Макарский улыбнулся.

– Иди, Катя. И направь свою энергию в другое русло. Я не изменю своего решения. А то вижу, ты задумала снова меня просить, как только минутка свободная выдастся. Так вот, не нужно.

Щелкает нас, как орешки. Каждое мое слово заранее знает, вот что делают немалый опыт и недюжинный ум. Если я навскидку вижу, на что человек способен, то главный сыскарь отдела, вероятно, напоминает рентген, который сканирует и вовсе насквозь.

Гулко шагая по коридору, я судорожно вспоминала, что нужно сделать дальше, чем себя занять.

Написать отчет. И все. И придумать работу для Юлика, пусть даже копать от забора до обеда. Тогда он будет занят и не увидит… лишнего.

В своей комнате я уселась за стол, пока Юлик, примостившись на углу, сердито поглядывал на меня и изо всех сил молчал. Видимо, безмолвно вызывал во мне муки совести.

Наивнее только младенцы, ей-богу!

– Чего расселся? Бери бумагу и пиши отчет по поводу происшествия – водопляса. Проверю.

– Но я же не участвовал!

– Пиши, как будто ты участвовал. Прибежал на место и нашел человека в обмороке. Пиши, что нужно делать дальше. Проверю.

Он молча засопел, доставая из ящика бумагу и карандаш. Ничего, пусть привыкает. Когда Юлик пришел к нам на службу, он был уверен, что в сыске только и делают с утра до вечера, что в засаде сидят да за преступниками бегают. А по факту бо`льшую часть времени убиваешь на заполнение разнообразных бумаг.

И мне писать нужно.

Спешить было некуда: за последний случай кражи, которые мне в последнее время выдавали для расследования, я отчиталась еще утром. Так что теперь только по водоплясу остался.

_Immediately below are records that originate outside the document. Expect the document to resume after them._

subsection \<open>Matrices on a finite carrier\<close>

definition madd :: "('i \<Rightarrow> 'j \<Rightarrow> complex) \<Rightarrow> ('i \<Rightarrow> 'j \<Rightarrow> complex) \<Rightarrow> 'i \<Rightarrow> 'j \<Rightarrow> complex" where
  "madd A B = (\<lambda>i j. A i j + B i j)"

definition msum :: "'k set \<Rightarrow> ('k \<Rightarrow> 'i \<Rightarrow> 'j \<Rightarrow> complex) \<Rightarrow> 'i \<Rightarrow> 'j \<Rightarrow> complex" where
  "msum S f = (\<lambda>i j. \<Sum>k\<in>S. f k i j)"

abbreviation mm :: "('d::finite \<Rightarrow> 'd \<Rightarrow> complex) \<Rightarrow> ('d \<Rightarrow> 'd \<Rightarrow> complex) \<Rightarrow> 'd \<Rightarrow> 'd \<Rightarrow> complex" where
  "mm \<equiv> mmult UNIV"

lemma mmult_assoc: "finite I \<Longrightarrow> mmult I (mmult I A B) C = mmult I A (mmult I B C)"
  unfolding mmult_def
  by (auto simp: sum_distrib_left sum_distrib_right mult.assoc intro!: ext sum.swap[THEN trans])

lemma mmult_madd_left: "mmult I (madd A B) C = madd (mmult I A C) (mmult I B C)"
  by (auto simp: mmult_def madd_def sum.distrib algebra_simps intro!: ext)

lemma mmult_madd_right: "mmult I C (madd A B) = madd (mmult I C A) (mmult I C B)"
  by (auto simp: mmult_def madd_def sum.distrib algebra_simps intro!: ext)

lemma mmult_msum_left: "finite S \<Longrightarrow> mmult I (msum S f) C = msum S (\<lambda>k. mmult I (f k) C)"
  by (auto simp: mmult_def msum_def sum_distrib_right intro!: ext sum.swap)

lemma mmult_msum_right: "finite S \<Longrightarrow> mmult I C (msum S f) = msum S (\<lambda>k. mmult I C (f k))"
  by (auto simp: mmult_def msum_def sum_distrib_left intro!: ext sum.swap)

lemma msum_madd: "msum S (\<lambda>k. madd (f k) (g k)) = madd (msum S f) (msum S g)"
  by (auto simp: msum_def madd_def sum.distrib intro!: ext)

lemma madd_zero_left [simp]: "madd (\<lambda>i j. 0) A = A"
  and madd_zero_right [simp]: "madd A (\<lambda>i j. 0) = A"
  by (auto simp: madd_def)

lemma mmult_zero_left [simp]: "mmult I (\<lambda>i j. 0) A = (\<lambda>i j. 0)"
  and mmult_zero_right [simp]: "mmult I A (\<lambda>i j. 0) = (\<lambda>i j. 0)"
  by (auto simp: mmult_def)

lemma adj_adj [simp]: "adj (adj A) = A"
  by (simp add: adj_def)

lemma adj_zero [simp]: "adj (\<lambda>i j. 0) = (\<lambda>i j. 0)"
  by (simp add: adj_def)

lemma adj_mone [simp]: "adj mone = mone"
  by (auto simp: adj_def mone_def intro!: ext)

lemma adj_mmult: "adj (mmult I A B) = mmult I (adj B) (adj A)"
  by (auto simp: mmult_def adj_def mult.commute intro!: ext)

lemma adj_madd: "adj (madd A B) = madd (adj A) (adj B)"
  by (simp add: madd_def adj_def)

Отчет получился длинный и детальный. Даже не знала, что столько подробностей запомнила, вплоть до цвета одежды пострадавшего и количества окон у ближайшего здания. Обычно такую мелочовку не пишут, но иначе дела закончатся и придется куда-нибудь идти, а кроме работы идти мне некуда.

Дело шло к концу, когда в дверь постучали.

– Катя, ты здесь?

Юлик тут же насупился, уставившись в свои бумажки, где накорябал от силы полстраницы.

– Да, Федор, заходи.

– Так и знал, что ты тут.

Он вошел и остановился у двери, прислонившись спиной к стене и сложив руки на груди.

Я промолчала. Конечно, он знал, с чего было бы иначе? Я бо`льшую часть жизни на работе провожу, по крайней мере, когда начальство не упрямится и мне эту работу дает.

– Юлик, выйди, чаю сделай пока, – попросила я. А то будет каждое слово ловить, бездарно делая вид, будто занят делом и не подслушивает.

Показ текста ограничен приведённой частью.